What In The Hell Are Functions

GOTO All What In The Hell Articles

A good way to think about functions is as machines. Machines are designed to repeat a process over and over again. Functions share a lot of characteristics with machines, so let’s look at some of the properties of machines we’re already familiar with.

Machines take input and produce output, let’s take a look at a few examples of that. Your dish washer takes dirty dishes as input and returns clean dishes as output, your washer does the same for clothes. Your radio takes radio waves as input and produces music on your speakers as output.

For the most part you don’t have to know how a machine works, you only need to know how to use it. For the moment we’re going to look at functions the same way, not thinking about how they work, just about how to use them. You’ll be happy to learn that you’re already familiar with a few functions, in fact here’s one you use every day.

Using the function above is simple. We don’t care how it works, whether it is carrying it’s ones or counting on its fingers. The only thing that matters to us is that we give it 2 numbers, 35 and 7 and it gives us back 42.

Here’s an example of another function. This one reverses any string that we give it.

 

Terminology

When we use a function it is referred to as calling that function. So in the above two examples we called the add function and we also called the reverse function.

The input to a function is referred to as the arguments or argument in the case of a single input. Adding arguments to the above we get, we called the add function with the arguments 35 and 7 and we also called the string function with Hello as an argument. Arguments are also commonly referred to as parameters and the two words can be used interchangeably.

The output of a function is most commonly referred to as the return value, though it is referred to as output as well.

 

Calling Functions

Now that we’ve explored some of the properties and terminology of functions let’s look at how they’re represented in code. Just like before, we are not going to worry about how the functions work just yet. We’re only going to call a few.

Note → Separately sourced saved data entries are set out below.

lemma abs_ln_sum_exp_le:
  fixes W e :: "'a \<Rightarrow> real"
  assumes "finite S" "S \<noteq> {}" "\<And>s. s \<in> S \<Longrightarrow> W s > 0" "\<And>s. s \<in> S \<Longrightarrow> \<bar>e s\<bar> \<le> R"
  shows "\<bar>ln (\<Sum>s\<in>S. W s * exp (e s))\<bar> \<le> \<bar>ln (sum W S)\<bar> + R"
proof -
  have W_sum: "sum W S > 0"
    using assms by (intro sum_pos) auto
  have pos: "(\<Sum>s\<in>S. W s * exp (e s)) > 0"
    using assms by (intro sum_pos) auto
  have "sum W S * exp (- R) \<le> (\<Sum>s\<in>S. W s * exp (e s))"
    unfolding sum_distrib_right using assms(3,4)
    by (intro sum_mono mult_left_mono) (auto simp: abs_le_iff minus_le_iff less_imp_le)
  then have "ln (sum W S * exp (- R)) \<le> ln (\<Sum>s\<in>S. W s * exp (e s))"
    using W_sum pos by (subst ln_le_cancel_iff) auto
  then have lower: "ln (sum W S) - R \<le> ln (\<Sum>s\<in>S. W s * exp (e s))"
    using W_sum by (simp add: ln_mult)
  have "(\<Sum>s\<in>S. W s * exp (e s)) \<le> sum W S * exp R"
    unfolding sum_distrib_right using assms(3,4)
    by (intro sum_mono mult_left_mono) (auto simp: abs_le_iff less_imp_le)
  then have "ln (\<Sum>s\<in>S. W s * exp (e s)) \<le> ln (sum W S * exp R)"
    using W_sum pos by (subst ln_le_cancel_iff) auto
  then have upper: "ln (\<Sum>s\<in>S. W s * exp (e s)) \<le> ln (sum W S) + R"
    using W_sum by (simp add: ln_mult)
  show ?thesis
    using lower upper by linarith
qed

text \<open>Path s visits the site \<open>site s k\<close> at time k < t, and \<open>slot s k\<close> indexes its private
  noise variable at that time. For the theorem, sites are pairs (vertex, time) and slots pairs
  (path, time).\<close>

locale shared_noise =
  fixes S :: "'p set" and t :: nat and W :: "'p \<Rightarrow> real"
    and site :: "'p \<Rightarrow> nat \<Rightarrow> 'c" and slot :: "'p \<Rightarrow> nat \<Rightarrow> 'i"
    and a :: "'c \<Rightarrow> real" and \<nu> :: "real measure"
  assumes finite_S: "finite S" and S_nonempty: "S \<noteq> {}"
    and W_pos: "\<And>s. s \<in> S \<Longrightarrow> W s > 0"
    and site_determines_time:
      "\<And>s s' k k'. s \<in> S \<Longrightarrow> s' \<in> S \<Longrightarrow> k < t \<Longrightarrow> k' < t \<Longrightarrow> site s k = site s' k' \<Longrightarrow> k = k'"
    and slot_inj:
      "\<And>s s' k k'. s \<in> S \<Longrightarrow> s' \<in> S \<Longrightarrow> k < t \<Longrightarrow> k' < t \<Longrightarrow> slot s k = slot s' k' \<Longrightarrow> s = s' \<and> k = k'"
    and prob_space_\<nu>: "prob_space \<nu>" and sets_\<nu>: "sets \<nu> = sets borel"
    and integrable_\<nu>: "integrable \<nu> (\<lambda>x. x)"
begin

definition sites :: "'c set" where
  "sites = {site s k |s k. s \<in> S \<and> k < t}"

definition slots :: "'i set" where
  "slots = {slot s k |s k. s \<in> S \<and> k < t}"

abbreviation noise_space :: "('i \<Rightarrow> real) measure" where
  "noise_space \<equiv> PiM slots (\<lambda>_. \<nu>)"

definition anchor :: "'c \<Rightarrow> 'p \<times> nat" where
  "anchor c = (SOME (s, k). s \<in> S \<and> k < t \<and> site s k = c)"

Function calls can be represented a number of ways, depending on the language you are using. However the vast majority of mainstream languages use this convention.

____________( ______, ______ )

Instead of a fill-in-the-blanks style as above, programmers usually use a shorthand for describing things that can be anything. Unfortunately there is no standardization for this shorthand, so to know what is a shorthand you need to know what words are never used as real names. The use of foo, bar and baz are commonplace and you will have to get accustomed to reading them eventually.

I will take another approach here. I’ll use prototypes to talk about the basic structure and I’ll use descriptive names in any code. This approach is used in many Scheme manuals and I have found it easy to grasp. For now a prototype will be a source code snippet with no line numbering and all the lines highlighted.

Lets start our introductions to prototypes with a prototype of the add function.

Prototype:

name(argument, argument)

Let’s look at the diagram for add and put these labels on it in red.

 

Function Arguments

Functions often take arguments of a specific type. For example the add function above only takes numbers. If you attempt to give it a string it will produce an error. In contrast the reverse function will only accept a string.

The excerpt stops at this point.